Like any self-reporting cross-sectional survey study, it had a number of important limitations, and causality cannot be inferred. Since respondents were selected from an online panel, there may have been selection bias, not least from those experiencing sleep problems. Individuals can overestimate how long it takes to get to sleep and underestimate how long they have been asleep [32]; furthermore, the responses to sleep and driving questions were self-reported and may have been subject to recall bias. There may also have been responder bias, since prospective participants were told about the purpose of the research. Nevertheless, the median age of respondents (29 years vs. 30.0 years) and high prevalence of obesity (BMI ≥ 30; 32% vs. 44.6%) are consistent with Saudi Arabian sociodemographic data [33], increasing confidence that the survey represents the wider population. As noted above, the unique situation in Saudi Arabia of women only recently having been permitted to drive meant that men were significantly overrepresented, introducing some bias; however, this also provides some insights into the current minimal contribution of female drivers to MVAs in Saudi Arabia. Furthermore, near misses and actual accidents were not explicitly differentiated. The ESS enquires about an individual’s propensity to fall asleep in different scenarios (e.g., while watching television) in the “present or recent past”, while the survey questionnaire asked respondents to consider their driving over the previous year, which may have introduced recall bias. However, the ESS has been shown to have good levels of internal consistency when tested and re-tested in sleepy drivers over a 3-year period [34]. The answers to the ESS are subjective and although the instrument is well validated, it may not reflect objective measures of sleepiness [35].

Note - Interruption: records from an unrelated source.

lemma mutually_independent_if_upclosed_factorizes:
  assumes supp: "set_pmf \<mu> \<subseteq> Mem (\<Union>i<N. Ss i)"
    and up: "\<And>A. \<forall>i<N. upclosed (Ss i) (A i) \<Longrightarrow> factorizes \<mu> N (\<lambda>i. proj (Ss i)) A"
  shows "mutually_independent N Ss \<mu>"
  unfolding mutually_independent_def
proof
  fix x assume x: "x \<in> Mem (\<Union>i<N. Ss i)"
  have singletons_factorize: "factorizes \<mu> N (\<lambda>i. proj (Ss i)) (\<lambda>i. {proj (Ss i) x})"
  proof (rule factorizes_Diff_family[where \<U> = "\<lambda>i. Collect (upclosed (Ss i))"])
    fix A assume "\<forall>i<N. A i \<in> Collect (upclosed (Ss i))"
    then show "factorizes \<mu> N (\<lambda>i. proj (Ss i)) A"
      by (intro up) simp
  next
    show "\<forall>i<N. \<exists>U\<in>Collect (upclosed (Ss i)). \<exists>V\<in>Collect (upclosed (Ss i)).
            V \<subseteq> U \<and> {proj (Ss i) x} = U - V"
      by (meson singleton_eq_upclosed_Diff proj_in_Mem mem_Collect_eq)
  qed
  let ?E = "{y. \<forall>i<N. proj (Ss i) y \<in> {proj (Ss i) x}}"
  have E: "?E \<inter> set_pmf \<mu> = {x} \<inter> set_pmf \<mu>"
  proof (intro equalityI subsetI)
    fix y assume y: "y \<in> ?E \<inter> set_pmf \<mu>"
    then have "y \<in> Mem (\<Union>i<N. Ss i)"
      using supp by blast
    then have "y = x"
      using x by (rule Mem_UN_eqI) (use y in auto)
    with y show "y \<in> {x} \<inter> set_pmf \<mu>"
      by blast
  qed auto
  have "pmf \<mu> x = measure \<mu> ({x} \<inter> set_pmf \<mu>)"
    by (simp only: measure_Int_set_pmf measure_pmf_single)
  also have "\<dots> = measure \<mu> ?E"
    by (simp only: E[symmetric] measure_Int_set_pmf)
  also have "\<dots> = (\<Prod>i<N. measure \<mu> {y. proj (Ss i) y \<in> {proj (Ss i) x}})"
    using singletons_factorize unfolding factorizes_def .
  also have "\<dots> = (\<Prod>i<N. pmf (marginal (Ss i) \<mu>) (proj (Ss i) x))"
    by (simp add: marginal_def pmf_map vimage_def)
  finally show "pmf \<mu> x = (\<Prod>i<N. pmf (marginal (Ss i) \<mu>) (proj (Ss i) x))" .
qed

theorem mainTheorem15:
  fixes N :: nat and Ss :: "nat \<Rightarrow> 'v set" and \<mu> :: "('v \<Rightarrow> real) pmf"
  assumes fin: "\<And>i. i < N \<Longrightarrow> finite (Ss i)"
    and disj: "\<And>i j. i < N \<Longrightarrow> j < N \<Longrightarrow> i \<noteq> j \<Longrightarrow> Ss i \<inter> Ss j = {}"
    and supp: "set_pmf \<mu> \<subseteq> Mem (\<Union>i<N. Ss i)"
  shows "mutually_independent N Ss \<mu> \<longleftrightarrow>
    (\<forall>f :: nat \<Rightarrow> ('v \<Rightarrow> real) \<Rightarrow> real.
       (\<forall>i<N. \<forall>m\<in>Mem (Ss i). 0 \<le> f i m) \<longrightarrow>
       ((\<forall>i<N. monotone_mem (Ss i) (f i)) \<or> (\<forall>i<N. antitone_mem (Ss i) (f i))) \<longrightarrow>
       (\<integral>\<^sup>+ x. ennreal (\<Prod>i<N. f i (proj (Ss i) x)) \<partial>measure_pmf \<mu>) =
       (\<Prod>i<N. \<integral>\<^sup>+ x. ennreal (f i (proj (Ss i) x)) \<partial>measure_pmf \<mu>))"
    (is "_ \<longleftrightarrow> ?products_factor")
proof
  assume "mutually_independent N Ss \<mu>"
  with supp show ?products_factor
    by (simp add: nn_integral_prod_proj_eq_prod)
next
  assume ?products_factor
  show "mutually_independent N Ss \<mu>"
    using supp
  proof (rule mutually_independent_if_upclosed_factorizes)
    fix A assume "\<forall>i<N. upclosed (Ss i) (A i)"
    then show "factorizes \<mu> N (\<lambda>i. proj (Ss i)) A"
      by (rule factorizes_if_monotone_nn_integral_prod[rotated]) (use \<open>?products_factor\<close> in simp)
  qed
qed

end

Nevertheless, this is the largest population-based analysis of associations between sleep factors and sleepy driving in Saudi Arabia, and the first data to include female drivers in Saudi Arabia. Sleepy driving and sleep-related accidents/near-misses are common in Saudi Arabia. The data show that, in addition to demographic factors, EDS was consistently associated with falling asleep while driving and a history of a sleep-related accident or near miss. Further efforts are required to quantify the contribution of sleepiness to MVAs to develop and prioritize interventions to prevent MVA-related injuries and death. Road safety campaigns must encourage drivers to practice good sleep hygiene at all times.